Nance did not answer. She went to the door and looked out, and Con thought he heard her whisper something to herself. Immediately a blast of wind came rushing down the hill, into the very room it seemed to Con. Nance closed the door. “Not long; the storm is coming,” she said again, in answer to his question.
But in the meantime Con made himself very comfortable by the fire, amusing himself as usual by staring into its glowing depths.
“Nance,” he said at last, “do you know what the boys at school say? They say they wonder I’m not afraid of you! They say you’re a witch, Nance!”
He looked up in her face brightly with his fearless blue eyes, and laughed so merrily that all the corners of the queer little cottage seemed to echo it back. Nance, however, only smiled.
“If you were a witch, Nance, I’d make you grant me some wishes, three anyway,” he went on. “Of course you know what the first would be, and, indeed, if I had that, I don’t know that I would want any other. I mean, to go to fairyland, you know.”
Nance nodded her head.
“The other two would be for it to be always summer, and for me never, never, never to have any lessons to learn,” he continued.
“Never to grow a man?” said Nance.
“I don’t know,” answered Con. “Lessons don’t make boys grow; but still I suppose they have to have them sometime before they are men. But I shouldn’t care if I could go to fairyland, and if it would be always summer; I don’t think I would care about ever being a man.”
As he said these words the fire suddenly sent out a sputtering blaze. It jumped up all at once with such a sort of crackle and fizz, Con could have fancied it was laughing at him. He looked up at Nance. She was not laughing; on the contrary, her face looked very grave, graver than ever he had seen it.
“Connemara,” she said slowly, “take care. You don’t know what you are saying.”

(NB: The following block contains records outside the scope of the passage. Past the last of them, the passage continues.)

(* Let $q$ be a power of an odd prime, $0<r_1<r_2<n$ integers, $a_1,a_2\in\mathbb{F}_{q^n}^*$ with the multiplicative order of $a_2$ dividing $q^{r_1}-1$, and $S(x)=a_1x^{q^{r_1}}+a_2x^{q^{r_2}}$. Then for each $t\in\{r_1,r_2\}$, $S(x)$ is a scattered polynomial of index $t$ over $\mathbb{F}_{q^n}$ if and only if $\gcd(r_2-r_1,n)=1$.
   Context: An $\mathbb{F}_q$-linearized polynomial $S\in\mathbb{F}_{q^n}[x]$ is a scattered polynomial of index $t$ over $\mathbb{F}_{q^n}$ if for all $y,z\in\mathbb{F}_{q^n}^*$, $\frac{S(y)}{y^{q^t}}=\frac{S(z)}{z^{q^t}}$ implies $y/z\in\mathbb{F}_q$. *)

theory Defs
  imports "HOL-Computational_Algebra.Primes"
begin

definition mult_order :: "'a::field \<Rightarrow> nat" where
  "mult_order a = (LEAST k. 0 < k \<and> a ^ k = 1)"

text \<open>The subfield F_q of F_{q^n}: the fixed points of the q-Frobenius.\<close>
definition subfield_q :: "nat \<Rightarrow> 'a::field set" where
  "subfield_q q = {x. x ^ q = x}"

text \<open>S is scattered of index t over F_{q^n} (the ambient finite field type).\<close>
definition scattered :: "nat \<Rightarrow> ('a::field \<Rightarrow> 'a) \<Rightarrow> nat \<Rightarrow> bool" where
  "scattered q S t \<longleftrightarrow>
     (\<forall>y z. y \<noteq> 0 \<longrightarrow> z \<noteq> 0 \<longrightarrow> S y / y ^ (q ^ t) = S z / z ^ (q ^ t)
        \<longrightarrow> y / z \<in> subfield_q q)"

end

theory Submission
  imports Defs "HOL-Computational_Algebra.Polynomial"
begin

text \<open>
  For \<open>t = r1\<close> the quotient \<open>S(x) / x^(q^t)\<close> equals \<open>a1 + a2 * x^(q^r2 - q^r1)\<close>, and
  symmetrically for \<open>t = r2\<close>; so in both cases \<open>S(y) / y^(q^t) = S(z) / z^(q^t)\<close> iff
  \<open>w = y / z\<close> satisfies \<open>w^(q^r2) = w^(q^r1)\<close>. Since the Frobenius map is injective, this
  means that \<open>w\<close> is fixed by \<open>x \<mapsto> x^(q^d)\<close> for \<open>d = r2 - r1\<close>, i.e. (by Bezout) that \<open>w\<close> lies
  in the subfield with \<open>q^g\<close> elements, \<open>g = gcd d n\<close>. Hence \<open>S\<close> is scattered iff that subfield
  is contained in \<open>F_q\<close>, and counting the roots of \<open>X^(q^g) - X\<close> and of \<open>X^q - X\<close> shows that
  this happens iff \<open>g = 1\<close>.
\<close>

definition frobenius_fixed :: "nat \<Rightarrow> nat \<Rightarrow> 'a::field set" where
  "frobenius_fixed q m = {x. x ^ (q ^ m) = x}"

lemma subfield_q_eq_frobenius_fixed: "subfield_q q = frobenius_fixed q 1"
  by (simp add: subfield_q_def frobenius_fixed_def)

lemma frobenius_fixed_mult:
  assumes "x \<in> frobenius_fixed q a"
  shows "x \<in> frobenius_fixed q (a * m)"
proof (induction m)
  case (Suc m)
  then show ?case
    using assms by (simp add: frobenius_fixed_def power_add power_mult)
qed (simp add: frobenius_fixed_def)

lemma frobenius_fixed_gcd:
  assumes "x \<in> frobenius_fixed q a" "x \<in> frobenius_fixed q b" "a \<noteq> 0"
  shows "x \<in> frobenius_fixed q (gcd a b)"
proof -
  obtain u v where uv: "a * u = b * v + gcd a b"
    using bezout_nat[OF \<open>a \<noteq> 0\<close>] by blast
  have "x = x ^ (q ^ (b * v + gcd a b))"
    using frobenius_fixed_mult[OF assms(1), of u] by (simp add: uv frobenius_fixed_def)
  also have "\<dots> = (x ^ (q ^ (b * v))) ^ (q ^ gcd a b)"
    by (simp add: power_add power_mult)
  also have "x ^ (q ^ (b * v)) = x"
    using frobenius_fixed_mult[OF assms(2), of v] by (simp add: frobenius_fixed_def)
  finally show ?thesis
    by (simp add: frobenius_fixed_def)
qed

text \<open>
  The library's \<open>finite_field_power_card_eq_same\<close> is stated for the sort \<open>finite_field\<close>,
  which a type of sort \<open>{field, finite}\<close> does not carry.
\<close>
lemma power_card_UNIV_eq_same:
  fixes x :: "'a::{field, finite}"
  shows "x ^ card (UNIV :: 'a set) = x"
proof (cases "x = 0")
  case False
  have "x * (\<Prod>y\<in>UNIV - {0}. x * y) = x ^ Suc (card (UNIV :: 'a set) - 1) * \<Prod>(UNIV - {0})"
    by (simp add: prod.distrib mult_ac)
  also have "Suc (card (UNIV :: 'a set) - 1) = card (UNIV :: 'a set)"
    using finite_UNIV_card_ge_0[where ?'a = 'a] by simp
  also have "(\<Prod>y\<in>UNIV - {0}. x * y) = (\<Prod>y\<in>UNIV - {0}. y)"
    by (rule prod.reindex_bij_witness[of _ "\<lambda>y. y / x" "\<lambda>y. x * y"]) (use False in auto)
  finally show ?thesis
    by simp
qed (use finite_UNIV_card_ge_0[where ?'a = 'a] in auto)

lemma frobenius_power_eq_iff:
  fixes x y :: "'a::field"
  assumes "\<forall>w::'a. w ^ (q ^ n) = w" and "r \<le> n"
  shows "x ^ (q ^ r) = y ^ (q ^ r) \<longleftrightarrow> x = y"
proof
  have n: "q ^ n = q ^ r * q ^ (n - r)"
    using \<open>r \<le> n\<close> by (simp flip: power_add)
  assume "x ^ (q ^ r) = y ^ (q ^ r)"
  then have "(x ^ (q ^ r)) ^ (q ^ (n - r)) = (y ^ (q ^ r)) ^ (q ^ (n - r))"
    by simp
  then show "x = y"
    using assms(1) by (simp add: n power_mult)
qed simp

lemma power_eq_Suc_geometric_sum:
  fixes Q :: nat
  assumes "Q \<ge> 1"
  shows "Q ^ m = Suc ((Q - 1) * (\<Sum>i<m. Q ^ i))"
proof -
  have "int Q ^ m - 1 = (int Q - 1) * (\<Sum>i<m. int Q ^ i)"
    by (rule power_diff_1_eq)
  then have "int (Q ^ m) = int (Suc ((Q - 1) * (\<Sum>i<m. Q ^ i)))"
    using assms by (simp add: of_nat_diff)
  then show ?thesis
    by (simp only: of_nat_eq_iff)
qed

lemma power_power_minus_self_factor:
  fixes x :: "'a::comm_ring_1"
  assumes "Q \<ge> 1"
  shows "x ^ (Q ^ m) - x = (x ^ Q - x) * (\<Sum>j < (\<Sum>i<m. Q ^ i). (x ^ (Q - 1)) ^ j)"
proof -
  define K where "K = (\<Sum>i<m. Q ^ i)"
  define y where "y = x ^ (Q - 1)"
  have "x ^ (Q ^ m) - x = x * (y ^ K - 1)"
    using power_eq_Suc_geometric_sum[OF assms, of m]
    by (simp add: K_def y_def power_mult right_diff_distrib)
  also have "\<dots> = x * ((y - 1) * (\<Sum>j<K. y ^ j))"
    by (simp add: power_diff_1_eq)
  also have "\<dots> = (x ^ Q - x) * (\<Sum>j<K. y ^ j)"
    using assms by (cases Q) (simp_all add: y_def algebra_simps)
  finally show ?thesis
    by (simp add: K_def y_def)
qed

lemma card_power_fixed_le:
  assumes "q \<ge> 2"
  shows "card {x::'a::idom. x ^ q = x} \<le> q"
proof -
  define B :: "'a poly" where "B = monom 1 q - [:0, 1:]"
  have "coeff B q = 1"
    using assms by (simp add: B_def coeff_pCons split: nat.split)
  then have "B \<noteq> 0"
    by auto
  moreover have "degree B \<le> q"
    using assms degree_diff_le[of "monom (1::'a) q" q "[:0, 1:]"]
    by (simp add: B_def degree_monom_le)
  moreover have "{x. poly B x = 0} = {x. x ^ q = x}"
    by (simp add: B_def poly_monom)
  ultimately show ?thesis
    using card_poly_roots_bound[of B] by simp
qed

text \<open>
  Every field element is a root of \<open>X\<^bsup>Q\<^sup>m\<^esup> - X = (X\<^sup>Q - X) H\<close>, and the cofactor \<open>H\<close> has
  degree \<open>Q\<^sup>m - Q\<close>, so at least \<open>Q\<close> elements are roots of \<open>X\<^sup>Q - X\<close>.
\<close>
lemma card_power_fixed_ge:
  fixes Q m :: nat
  assumes card: "card (UNIV :: 'a::{field, finite} set) = Q ^ m" and "Q \<ge> 2" "m \<ge> 1"
  shows "Q \<le> card {x::'a. x ^ Q = x}"
proof -
  define K where "K = (\<Sum>i<m. Q ^ i)"
  define H :: "'a poly" where "H = (\<Sum>j<K. monom 1 ((Q - 1) * j))"
  have poly_H: "poly H x = (\<Sum>j<K. (x ^ (Q - 1)) ^ j)" for x
    by (simp add: H_def poly_sum poly_monom power_mult)
  have "K \<ge> 1"
    using \<open>m \<ge> 1\<close> member_le_sum[of 0 "{..<m}" "\<lambda>i. Q ^ i"] by (simp add: K_def)
  moreover have "Q ^ m = Suc ((Q - 1) * K)"
    unfolding K_def using \<open>Q \<ge> 2\<close> by (intro power_eq_Suc_geometric_sum) simp
  ultimately have Qm: "Q ^ m = Q + (Q - 1) * (K - 1)"
    using \<open>Q \<ge> 2\<close> by (cases K; cases Q) simp_all
  have "poly H 0 = 1"
    using \<open>K \<ge> 1\<close> \<open>Q \<ge> 2\<close> by (simp add: poly_H power_0_left)
  then have "H \<noteq> 0"
    by auto
  have "degree H \<le> (Q - 1) * (K - 1)"
    unfolding H_def
    by (rule degree_sum_le) (auto simp: degree_monom_eq intro: mult_le_mono2)
  have covered: "UNIV \<subseteq> {x::'a. x ^ Q = x} \<union> {x. poly H x = 0}"
  proof
    fix x :: 'a
    have "(x ^ Q - x) * poly H x = 0"
      using power_power_minus_self_factor[of Q x m] power_card_UNIV_eq_same[of x] \<open>Q \<ge> 2\<close>
      by (simp add: card poly_H K_def)
    then show "x \<in> {x. x ^ Q = x} \<union> {x. poly H x = 0}"
      by auto
  qed
  have "Q ^ m \<le> card ({x::'a. x ^ Q = x} \<union> {x. poly H x = 0})"
    using card_mono[OF _ covered] by (simp add: card)
  also have "\<dots> \<le> card {x::'a. x ^ Q = x} + card {x. poly H x = 0}"
    by (rule card_Un_le)
  also have "card {x. poly H x = 0} \<le> (Q - 1) * (K - 1)"
    using card_poly_roots_bound[OF \<open>H \<noteq> 0\<close>] \<open>degree H \<le> _\<close> by simp
  finally show ?thesis
    using Qm by simp
qed

lemma frobenius_fixed_subset_subfield_iff:
  assumes card: "card (UNIV :: 'a::{field, finite} set) = q ^ n"
    and "q \<ge> 2" "n > 0" "d \<noteq> 0"
  shows "(frobenius_fixed q d :: 'a set) \<subseteq> subfield_q q \<longleftrightarrow> gcd d n = 1"
proof
  assume sub: "(frobenius_fixed q d :: 'a set) \<subseteq> subfield_q q"
  show "gcd d n = 1"
  proof (rule ccontr)
    define g where "g = gcd d n"
    assume "gcd d n \<noteq> 1"
    moreover have "g \<noteq> 0"
      using \<open>n > 0\<close> by (simp add: g_def)
    ultimately have "g \<ge> 2"
      unfolding g_def by linarith
    obtain m where m: "n = g * m"
      unfolding g_def by (rule dvdE[OF gcd_dvd2])
    obtain c where c: "d = g * c"
      unfolding g_def by (rule dvdE[OF gcd_dvd1])
    have qg: "q ^ 1 < q ^ g"
      using \<open>q \<ge> 2\<close> \<open>g \<ge> 2\<close> by (intro power_strict_increasing) auto
    also have "q ^ g \<le> card (frobenius_fixed q g :: 'a set)"
    proof -
      have "card (UNIV :: 'a set) = (q ^ g) ^ m"
        by (simp add: card m power_mult)
      moreover have "m \<ge> 1"
        using \<open>n > 0\<close> m by (cases m) auto
      moreover have "q ^ g \<ge> 2"
        using qg \<open>q \<ge> 2\<close> by simp
      ultimately show ?thesis
        using card_power_fixed_ge[of "q ^ g" m] by (simp add: frobenius_fixed_def)
    qed
    also have "\<dots> \<le> card (subfield_q q :: 'a set)"
      using sub frobenius_fixed_mult[of _ q g c] by (intro card_mono) (auto simp: c)
    also have "\<dots> \<le> q"
      using card_power_fixed_le[OF \<open>q \<ge> 2\<close>] by (simp add: subfield_q_def)
    finally show False
      by simp
  qed
next
  assume "gcd d n = 1"
  show "(frobenius_fixed q d :: 'a set) \<subseteq> subfield_q q"
  proof
    fix x :: 'a
    assume "x \<in> frobenius_fixed q d"
    moreover have "x \<in> frobenius_fixed q n"
      using power_card_UNIV_eq_same[of x] by (simp add: card frobenius_fixed_def)
    ultimately show "x \<in> subfield_q q"
      using frobenius_fixed_gcd[of x q d n] \<open>d \<noteq> 0\<close> \<open>gcd d n = 1\<close>
      by (simp add: subfield_q_eq_frobenius_fixed)
  qed
qed

lemma two_term_quotient_eq_iff:
  fixes y z c e :: "'a::field"
  assumes "y \<noteq> 0" "z \<noteq> 0" "e \<noteq> 0"
  shows "(c * y ^ A + e * y ^ B) / y ^ A = (c * z ^ A + e * z ^ B) / z ^ A
         \<longleftrightarrow> (y / z) ^ B = (y / z) ^ A"
proof -
  have split: "(c * w ^ A + e * w ^ B) / w ^ A = c + e * (w ^ B / w ^ A)" if "w \<noteq> 0" for w :: 'a
    using that by (simp add: field_simps)
  have "(c * y ^ A + e * y ^ B) / y ^ A = (c * z ^ A + e * z ^ B) / z ^ A
        \<longleftrightarrow> y ^ B / y ^ A = z ^ B / z ^ A"
    by (simp only: split[OF \<open>y \<noteq> 0\<close>] split[OF \<open>z \<noteq> 0\<close>] add_left_cancel mult_cancel_left)
       (simp add: \<open>e \<noteq> 0\<close>)
  also have "\<dots> \<longleftrightarrow> (y / z) ^ B = (y / z) ^ A"
    using assms by (simp add: power_divide frac_eq_eq mult.commute)
  finally show ?thesis .
qed

lemma scattered_two_term_iff:
  fixes a1 a2 :: "'a::field"
  assumes frobenius_n: "\<forall>x::'a. x ^ (q ^ n) = x"
    and "q > 0" "r1 < r2" "r1 \<le> n" "a1 \<noteq> 0" "a2 \<noteq> 0" "t \<in> {r1, r2}"
  shows "scattered q (\<lambda>x. a1 * x ^ (q ^ r1) + a2 * x ^ (q ^ r2)) t
           \<longleftrightarrow> (frobenius_fixed q (r2 - r1) :: 'a set) \<subseteq> subfield_q q"
proof -
  let ?S = "\<lambda>x::'a. a1 * x ^ (q ^ r1) + a2 * x ^ (q ^ r2)"
  have quotient_eq:
    "?S y / y ^ (q ^ t) = ?S z / z ^ (q ^ t) \<longleftrightarrow> y / z \<in> frobenius_fixed q (r2 - r1)"
    if "y \<noteq> 0" "z \<noteq> 0" for y z
  proof -
    have "?S y / y ^ (q ^ t) = ?S z / z ^ (q ^ t) \<longleftrightarrow> (y / z) ^ (q ^ r2) = (y / z) ^ (q ^ r1)"
      using \<open>t \<in> {r1, r2}\<close> two_term_quotient_eq_iff[OF that \<open>a2 \<noteq> 0\<close>, of a1 "q ^ r1" "q ^ r2"]
        two_term_quotient_eq_iff[OF that \<open>a1 \<noteq> 0\<close>, of a2 "q ^ r2" "q ^ r1"]
      by (auto simp: add.commute)
    also have "(y / z) ^ (q ^ r2) = ((y / z) ^ (q ^ (r2 - r1))) ^ (q ^ r1)"
      using \<open>r1 < r2\<close> by (simp flip: power_mult power_add)
    also have "\<dots> = (y / z) ^ (q ^ r1) \<longleftrightarrow> (y / z) ^ (q ^ (r2 - r1)) = y / z"
      by (rule frobenius_power_eq_iff[OF frobenius_n \<open>r1 \<le> n\<close>])
    finally show ?thesis
      by (simp add: frobenius_fixed_def)
  qed
  show ?thesis
  proof
    assume scattered: "scattered q ?S t"
    show "(frobenius_fixed q (r2 - r1) :: 'a set) \<subseteq> subfield_q q"
    proof
      fix w :: 'a
      assume w: "w \<in> frobenius_fixed q (r2 - r1)"
      show "w \<in> subfield_q q"
      proof (cases "w = 0")
        case True
        then show ?thesis
          using \<open>q > 0\<close> by (simp add: subfield_q_def)
      next
        case False
        then have "?S w / w ^ (q ^ t) = ?S 1 / 1 ^ (q ^ t)"
          using quotient_eq[OF False one_neq_zero] w by simp
        then have "w / 1 \<in> subfield_q q"
          by (rule scattered[unfolded scattered_def, rule_format, OF False one_neq_zero])
        then show ?thesis
          by simp
      qed
    qed
  next
    assume sub: "(frobenius_fixed q (r2 - r1) :: 'a set) \<subseteq> subfield_q q"
    show "scattered q ?S t"
      unfolding scattered_def
    proof (intro allI impI)
      fix y z :: 'a
      assume "y \<noteq> 0" "z \<noteq> 0" "?S y / y ^ (q ^ t) = ?S z / z ^ (q ^ t)"
      then show "y / z \<in> subfield_q q"
        using quotient_eq sub by blast
    qed
  qed
qed

theorem mainTheorem8:
  fixes a1 a2 :: "'a::{field, finite}"
    and p k q n r1 r2 :: nat
  assumes "prime p" and "odd p" and "k > 0" and "q = p ^ k"
    and "card (UNIV :: 'a set) = q ^ n"
    and "0 < r1" and "r1 < r2" and "r2 < n"
    and "a1 \<noteq> 0" and "a2 \<noteq> 0"
    and "mult_order a2 dvd q ^ r1 - 1"
  shows "\<forall>t \<in> {r1, r2}.
           scattered q (\<lambda>x. a1 * x ^ (q ^ r1) + a2 * x ^ (q ^ r2)) t
             \<longleftrightarrow> gcd (r2 - r1) n = 1"
proof
  fix t
  assume t: "t \<in> {r1, r2}"
  have "p ^ 1 \<le> p ^ k"
    using \<open>k > 0\<close> prime_gt_0_nat[OF \<open>prime p\<close>] by (intro power_increasing) auto
  then have "q \<ge> 2"
    using \<open>q = p ^ k\<close> prime_ge_2_nat[OF \<open>prime p\<close>] by simp
  have "\<forall>x::'a. x ^ (q ^ n) = x"
    using power_card_UNIV_eq_same \<open>card (UNIV :: 'a set) = q ^ n\<close> by metis
  then have "scattered q (\<lambda>x. a1 * x ^ (q ^ r1) + a2 * x ^ (q ^ r2)) t
               \<longleftrightarrow> (frobenius_fixed q (r2 - r1) :: 'a set) \<subseteq> subfield_q q"
    using scattered_two_term_iff[of q n r1 r2 a1 a2 t] assms(7-10) t \<open>q \<ge> 2\<close> by simp
  also have "\<dots> \<longleftrightarrow> gcd (r2 - r1) n = 1"
    using frobenius_fixed_subset_subfield_iff[of q n "r2 - r1"] assms(5,7,8) \<open>q \<ge> 2\<close> by simp
  finally show "scattered q (\<lambda>x. a1 * x ^ (q ^ r1) + a2 * x ^ (q ^ r2)) t
                  \<longleftrightarrow> gcd (r2 - r1) n = 1" .
qed

end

But Con stared into the fire again and did not answer. I hardly think he heard what she said; the warm fire made him drowsy, and the brightness dazzled his eyes. He was almost beginning to nod, when Nance spoke again to him, rather sharply this time.
“My boy, the snow is beginning; you must go.” Con’s habit of obedience made him start up, sleepy though he was. Nance was already at the door looking out.
“Do not linger on the way, Connemara,” she said, “and do not think of anything but home. It will be a wild night, but if you go straight and swift you will reach home soon.”
“I’m not afraid,” said Con stoutly, as he set off.
“I could wish he were,” murmured Nance to herself, as she watched the little figure showing dark against the already whitening hill side, till it was out of sight.
Then she came back into the cottage, but she could not rest.